Task: Please find all lines containing "assumes" in the listing below and copy them.

※

lemma c_fun_eq_block_ss:
  assumes l: "is_seq t k l" and k: "0 < k"
  shows "c_fun t l = block_ss t 2 ((!) [id, cyc_prev k]) l"
proof -
  have \<sigma>: "bij_betw ([id, cyc_prev k] ! s) {..<k} {..<k}" if "s < 2" for s
    using that bij_betw_cyc_prev[OF k] by (auto simp: less_2_cases_iff)
  have pairs: "(\<Sum>s<2. \<Sum>s'<2. of_bool (l ! ([id, cyc_prev k] ! s) j = l ! ([id, cyc_prev k] ! s') j))
      = 2 + 2 * (of_bool (l ! cyc_prev k j = l ! j) :: real)" for j
    by (simp add: sum_lessThan_2 eq_commute[of "l ! j" "l ! cyc_prev k j"])
  have "block_ss t 2 ((!) [id, cyc_prev k]) l
      = (\<Sum>j<k. 2 + 2 * of_bool (l ! cyc_prev k j = l ! j)) / 4 - (\<Sum>c<t. (real (seq_n l c))\<^sup>2) / k"
    using block_ss_eq[OF l k _ \<sigma>] by (simp add: pairs)
  then show ?thesis
    using k by (simp add: c_fun_def Let_def length_is_seq[OF l] sum_seq_m[OF l k] sum.distrib
        sum_distrib_left[symmetric] field_simps)
qed

lemma ctilde_fun_eq_block_ss:
  assumes l: "is_seq t k l" and k: "0 < k"
  shows "ctilde_fun t l = block_ss t 3 ((!) [id, cyc_prev k, cyc_next k]) l"
proof -
  have \<sigma>: "bij_betw ([id, cyc_prev k, cyc_next k] ! s) {..<k} {..<k}" if "s < 3" for s
    using that bij_betw_cyc_prev[OF k] bij_betw_cyc_next[OF k] by (auto simp: numeral_3_eq_3 less_Suc_eq)
  have pairs: "(\<Sum>s<3. \<Sum>s'<3. of_bool (l ! ([id, cyc_prev k, cyc_next k] ! s) j
        = l ! ([id, cyc_prev k, cyc_next k] ! s') j))
      = 3 + 2 * of_bool (l ! cyc_prev k j = l ! j) + 2 * of_bool (l ! j = l ! cyc_next k j)
        + 2 * (of_bool (l ! cyc_prev k j = l ! cyc_next k j) :: real)" for j
    by (simp add: sum_lessThan_3 eq_commute[of "l ! j" "l ! cyc_prev k j"]
        eq_commute[of "l ! cyc_next k j" "l ! j"] eq_commute[of "l ! cyc_next k j" "l ! cyc_prev k j"])
  have "block_ss t 3 ((!) [id, cyc_prev k, cyc_next k]) l
      = (\<Sum>j<k. 3 + 2 * of_bool (l ! cyc_prev k j = l ! j) + 2 * of_bool (l ! j = l ! cyc_next k j)
          + 2 * of_bool (l ! cyc_prev k j = l ! cyc_next k j)) / 9 - (\<Sum>c<t. (real (seq_n l c))\<^sup>2) / k"
    using block_ss_eq[OF l k _ \<sigma>] by (simp add: pairs)
  then show ?thesis
    using k by (simp add: ctilde_fun_def Let_def length_is_seq[OF l] sum_seq_m[OF l k] sum_seq_p[OF l k]
        sum_seq_m_next[OF l k, symmetric] sum.distrib sum_distrib_left[symmetric] field_simps)
qed

end

definition block_seq :: "nat \<Rightarrow> (nat \<Rightarrow> nat \<Rightarrow> nat) \<Rightarrow> nat \<Rightarrow> nat list" where
  "block_seq k d i = map (d i) [0..<k]"

lemma block_seq_is_seq: "is_design t b k d \<Longrightarrow> i < b \<Longrightarrow> is_seq t k (block_seq k d i)"
  by (auto simp: is_seq_def is_design_def block_seq_def)

lemma nth_block_seq: "j < k \<Longrightarrow> block_seq k d i ! j = d i j"
  by (simp add: block_seq_def)

lemma T_L_R_mat_dims[simp]:
  "dim_row (T_mat t b k d) = b * k" "dim_col (T_mat t b k d) = t"
  "dim_row (L_mat t b k d) = b * k" "dim_col (L_mat t b k d) = t"
  "dim_row (R_mat t b k d) = b * k" "dim_col (R_mat t b k d) = t"
  by (simp_all add: T_mat_def L_mat_def R_mat_def)

lemma T_L_R_mat_carrier[simp]:
  "T_mat t b k d \<in> carrier_mat (b * k) t" "L_mat t b k d \<in> carrier_mat (b * k) t"
  "R_mat t b k d \<in> carrier_mat (b * k) t"
  by (simp_all add: carrier_matI)

lemma
  assumes "i < b" "j < k" "c < t"
  shows index_T_mat: "T_mat t b k d $$ (i * k + j, c) = of_bool (d i j = c)"
    and index_L_mat: "L_mat t b k d $$ (i * k + j, c) = of_bool (d i (cyc_prev k j) = c)"
    and index_R_mat: "R_mat t b k d $$ (i * k + j, c) = of_bool (d i (cyc_next k j) = c)"
  using assms block_index_bound[OF assms(1,2)]
  by (simp_all add: T_mat_def L_mat_def R_mat_def cyc_prev_def cyc_next_def)

lemma T_L_mult_K_mat: "hcat (T_mat t b k d) (L_mat t b k d) * K_mat 2 t = T_mat t b k d + L_mat t b k d"
  using hcat_mult_K_mat[of "T_mat t b k d" "b * k" 1 t "L_mat t b k d"]
  by (simp add: K_mat_1[unfolded One_nat_def] numeral_2_eq_2)

lemma T_L_R_mult_K_mat:
  "hcat (hcat (T_mat t b k d) (L_mat t b k d)) (R_mat t b k d) * K_mat 3 t
    = T_mat t b k d + L_mat t b k d + R_mat t b k d"
  using hcat_mult_K_mat[of "hcat (T_mat t b k d) (L_mat t b k d)" "b * k" 2 t "R_mat t b k d"]
  by (simp add: T_L_mult_K_mat numeral_3_eq_3 carrier_matI)

lemma trace_info_mat_le_sum_block_ss:
  fixes A :: "real mat"
  assumes k: "0 < k" and m: "0 < m" and \<sigma>: "\<And>s. s < m \<Longrightarrow> bij_betw (\<sigma> s) {..<k} {..<k}"
    and A: "A \<in> carrier_mat (b * k) (m * t)"
    and AK: "\<And>i j c. i < b \<Longrightarrow> j < k \<Longrightarrow> c < t \<Longrightarrow>
      (A * K_mat m t) $$ (i * k + j, c) = (\<Sum>s<m. of_bool (d i (\<sigma> s j) = c))"
  shows "mtrace (info_mat A (block_mat b k) (K_mat m t)) \<le> (\<Sum>i<b. block_ss t m \<sigma> (block_seq k d i))"
proof -
  define Z where "Z = (1 / real m) \<cdot>\<^sub>m (A * K_mat m t)"
  have Z: "Z \<in> carrier_mat (b * k) t"
    using A by (simp add: Z_def)
  have Z_index: "Z $$ (i * k + j, c) = neighbour_mean m \<sigma> (block_seq k d i) j c"
    if "i < b" "j < k" "c < t" for i j c
    using that AK[OF that] A block_index_bound[OF that(1,2)] bij_betwE[OF \<sigma>]
    by (simp add: Z_def neighbour_mean_def nth_block_seq)
  have "mtrace (info_mat A (block_mat b k) (K_mat m t)) \<le> mtrace (transpose_mat Z * proj_perp (block_mat b k) * Z)"
    using trace_info_mat_le[OF A block_mat_carrier m] by (simp add: Z_def)
  also have "\<dots> = (\<Sum>i<b. \<Sum>c<t. (\<Sum>j<k. (Z $$ (i * k + j, c))\<^sup>2) - (\<Sum>j<k. Z $$ (i * k + j, c))\<^sup>2 / k)"
    by (rule trace_proj_perp_block_mat[OF Z k])
  also have "\<dots> = (\<Sum>i<b. block_ss t m \<sigma> (block_seq k d i))"
    by (intro sum.cong refl) (simp add: block_ss_def Z_index block_seq_def)
  finally show ?thesis .
qed

lemma trace_C_phi_le:
  assumes design: "is_design t b k d" and k: "0 < k"
  shows "mtrace (C_phi t b k d) \<le> (\<Sum>i<b. c_fun t (block_seq k d i))"
proof -
  have "mtrace (C_phi t b k d) \<le> (\<Sum>i<b. block_ss t 2 ((!) [id, cyc_prev k]) (block_seq k d i))"
    unfolding C_phi_def
    using T_L_mult_K_mat bij_betw_cyc_prev[OF k]
    by (intro trace_info_mat_le_sum_block_ss[OF k])
      (auto simp: less_2_cases_iff sum_lessThan_2 index_T_mat index_L_mat block_index_bound intro: hcat_carrier)
  also have "\<dots> = (\<Sum>i<b. c_fun t (block_seq k d i))"
    using block_seq_is_seq[OF design] by (intro sum.cong refl) (simp add: c_fun_eq_block_ss[OF _ k])
  finally show ?thesis .
qed

lemma trace_C_psi_le:
  assumes design: "is_design t b k d" and k: "0 < k"
  shows "mtrace (C_psi t b k d) \<le> (\<Sum>i<b. ctilde_fun t (block_seq k d i))"
proof -
  have "mtrace (C_psi t b k d) \<le> (\<Sum>i<b. block_ss t 3 ((!) [id, cyc_prev k, cyc_next k]) (block_seq k d i))"
    unfolding C_psi_def
    using T_L_R_mult_K_mat bij_betw_cyc_prev[OF k] bij_betw_cyc_next[OF k]
    by (intro trace_info_mat_le_sum_block_ss[OF k])
      (auto simp: numeral_3_eq_3 less_Suc_eq sum_lessThan_3 index_T_mat index_L_mat index_R_mat
        block_index_bound intro: hcat_carrier)
  also have "\<dots> = (\<Sum>i<b. ctilde_fun t (block_seq k d i))"
    using block_seq_is_seq[OF design] by (intro sum.cong refl) (simp add: ctilde_fun_eq_block_ss[OF _ k])
  finally show ?thesis .
qed

theorem proposition8:
  fixes t b k :: nat and d :: "nat \<Rightarrow> nat \<Rightarrow> nat" and l1 l2 :: "nat list"
  assumes "0 < t" and "0 < b" and "0 < k"
    and "is_design t b k d"
  shows "(is_seq t k l1 \<and> (\<forall>l. is_seq t k l \<longrightarrow> c_fun t l \<le> c_fun t l1)
            \<longrightarrow> mtrace (C_phi t b k d) \<le> real b * c_fun t l1)
       \<and> (is_seq t k l2 \<and> (\<forall>l. is_seq t k l \<longrightarrow> ctilde_fun t l \<le> ctilde_fun t l2)
            \<longrightarrow> mtrace (C_psi t b k d) \<le> real b * ctilde_fun t l2)"
proof (intro conjI impI)
  assume "is_seq t k l1 \<and> (\<forall>l. is_seq t k l \<longrightarrow> c_fun t l \<le> c_fun t l1)"
  then have "(\<Sum>i<b. c_fun t (block_seq k d i)) \<le> of_nat (card {..<b}) * c_fun t l1"
    using block_seq_is_seq[OF assms(4)] by (intro sum_bounded_above) blast
  then show "mtrace (C_phi t b k d) \<le> real b * c_fun t l1"
    using trace_C_phi_le[OF assms(4,3)] by simp
next
  assume "is_seq t k l2 \<and> (\<forall>l. is_seq t k l \<longrightarrow> ctilde_fun t l \<le> ctilde_fun t l2)"
  then have "(\<Sum>i<b. ctilde_fun t (block_seq k d i)) \<le> of_nat (card {..<b}) * ctilde_fun t l2"
    using block_seq_is_seq[OF assms(4)] by (intro sum_bounded_above) blast
  then show "mtrace (C_psi t b k d) \<le> real b * ctilde_fun t l2"
    using trace_C_psi_le[OF assms(4,3)] by simp
qed
lemma diffop_linear_factor:
  assumes "degree h \<le> n"
  shows "diffop a (Suc n) ([:- z, 1:] * h) =
         [:- z, 1:] * diffop a n h + diffop (\<lambda>k. of_nat (Suc k) * a (Suc k)) n h"
proof -
  have summand: "smult (a k) ((pderiv ^^ k) ([:- z, 1:] * h)) =
      [:- z, 1:] * smult (a k) ((pderiv ^^ k) h) + smult (a k * of_nat k) ((pderiv ^^ (k - 1)) h)" for k
    unfolding higher_pderiv_linear_factor by (simp add: smult_add_right del: mult_pCons_left)
  have "diffop a (Suc n) ([:- z, 1:] * h) =
        [:- z, 1:] * diffop a (Suc n) h + (\<Sum>k\<le>Suc n. smult (a k * of_nat k) ((pderiv ^^ (k - 1)) h))"
    unfolding diffop_def summand sum.distrib sum_distrib_left ..
  also have "diffop a (Suc n) h = diffop a n h"
    using assms by (intro diffop_truncate) auto
  also have "(\<Sum>k\<le>Suc n. smult (a k * of_nat k) ((pderiv ^^ (k - 1)) h)) =
             diffop (\<lambda>k. of_nat (Suc k) * a (Suc k)) n h"
    by (subst sum.atMost_Suc_shift) (simp add: diffop_def mult_ac)
  finally show ?thesis .
qed

lemma poly_diffop_linear_factor:
  assumes "degree h \<le> n"
  shows "poly (diffop a (Suc n) ([:- z, 1:] * h)) w =
         poly (diffop (\<lambda>k. (w - z) * a k + of_nat (Suc k) * a (Suc k)) n h) w"
  unfolding diffop_linear_factor[OF assms] diffop_coeffs_linear by (simp add: algebra_simps)

lemma diffop_one: "diffop a n 1 = [:a 0:]"
proof -
  have "diffop a n 1 = (\<Sum>k\<le>n. if k = 0 then [:a 0:] else 0)"
    unfolding diffop_def by (intro sum.cong refl) (simp add: higher_pderiv_eq_0)
  then show ?thesis by simp
qed

lemma invertible_diffop_coeff_0:
  assumes "invertible_on_Pn (diffop a n) n"
  shows "a 0 \<noteq> 0"
proof
  assume "a 0 = 0"
  moreover have "diffop a n 0 = 0"
    by (simp add: diffop_def)
  ultimately have "diffop a n 1 = diffop a n 0"
    by (simp add: diffop_one)
  moreover have "inj_on (diffop a n) (Pn n)"
    using assms bij_betw_imp_inj_on unfolding invertible_on_Pn_def by blast
  moreover have "1 \<in> Pn n" "0 \<in> Pn n"
    by (simp_all add: Pn_def)
  ultimately have "(1 :: complex poly) = 0"
    by (blast dest: inj_onD)
  then show False
    by simp
qed

lemma degree_phi: "degree (phi n) = n"
  by (simp add: phi_def degree_monom_eq)

lemma of_nat_Suc_div_fact_Suc: "of_nat (Suc n) * (1 / of_nat (fact (Suc n))) = (1 / of_nat (fact n) :: complex)"
proof -
  have "(of_nat (fact n) :: complex) \<noteq> 0" "(of_nat (Suc n) :: complex) \<noteq> 0"
    by (simp_all del: of_nat_Suc)
  then show ?thesis
    unfolding fact_Suc of_nat_mult by (simp del: of_nat_Suc)
qed

lemma pderiv_phi_Suc: "pderiv (phi (Suc n)) = phi n"
  unfolding phi_def pderiv_monom diff_Suc_1 of_nat_Suc_div_fact_Suc ..

lemma x_mult_phi: "[:0, 1:] * phi n = smult (of_nat (Suc n)) (phi (Suc n))"
proof -
  have "[:0, 1:] * phi n = monom (1 / of_nat (fact n)) (Suc n)"
    by (simp add: phi_def monom_Suc)
  also have "\<dots> = smult (of_nat (Suc n)) (phi (Suc n))"
    unfolding phi_def smult_monom of_nat_Suc_div_fact_Suc ..
  finally show ?thesis .
qed

lemma pderiv_diffop_phi_Suc: "pderiv (diffop a (Suc n) (phi (Suc n))) = diffop a n (phi n)"
  using diffop_truncate[of "phi n" n "Suc n" a] by (simp add: pderiv_diffop pderiv_phi_Suc degree_phi)

lemma diffop_phi_polar_pderiv:
  "diffop (\<lambda>k. t * a k + of_nat (Suc k) * a (Suc k)) n (phi n) =
   polar_pderiv (Suc n) t (diffop a (Suc n) (phi (Suc n)))"
proof -
  define P where "P = diffop a (Suc n) (phi (Suc n))"
  have "smult (of_nat (Suc n)) P =
        [:0, 1:] * diffop a n (phi n) + diffop (\<lambda>k. of_nat (Suc k) * a (Suc k)) n (phi n)"
    using diffop_linear_factor[of "phi n" n a 0]
    by (simp add: P_def x_mult_phi diffop_smult degree_phi del: mult_pCons_left)
  then have "diffop (\<lambda>k. t * a k + of_nat (Suc k) * a (Suc k)) n (phi n) =
      smult t (diffop a n (phi n)) + (smult (of_nat (Suc n)) P - [:0, 1:] * diffop a n (phi n))"
    unfolding diffop_coeffs_linear by (simp del: mult_pCons_left)
  also have "\<dots> = polar_pderiv (Suc n) t P"
    by (simp add: polar_pderiv_def P_def pderiv_diffop_phi_Suc algebra_simps)
  finally show ?thesis
    by (simp only: P_def)
qed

※

Response area:
  assumes l: "is_seq t k l" and k: "0 < k"
  assumes l: "is_seq t k l" and k: "0 < k"
  assumes "i < b" "j < k" "c < t"
  assumes k: "0 < k" and m: "0 < m" and \<sigma>: "\<And>s. s < m \<Longrightarrow> bij_betw (\<sigma> s) {..<k} {..<k}"
  assumes design: "is_design t b k d" and k: "0 < k"
  assumes design: "is_design t b k d" and k: "0 < k"
  assumes "0 < t" and "0 < b" and "0 < k"
  assumes "degree h \<le> n"
  assumes "degree h \<le> n"
  assumes "invertible_on_Pn (diffop a n) n"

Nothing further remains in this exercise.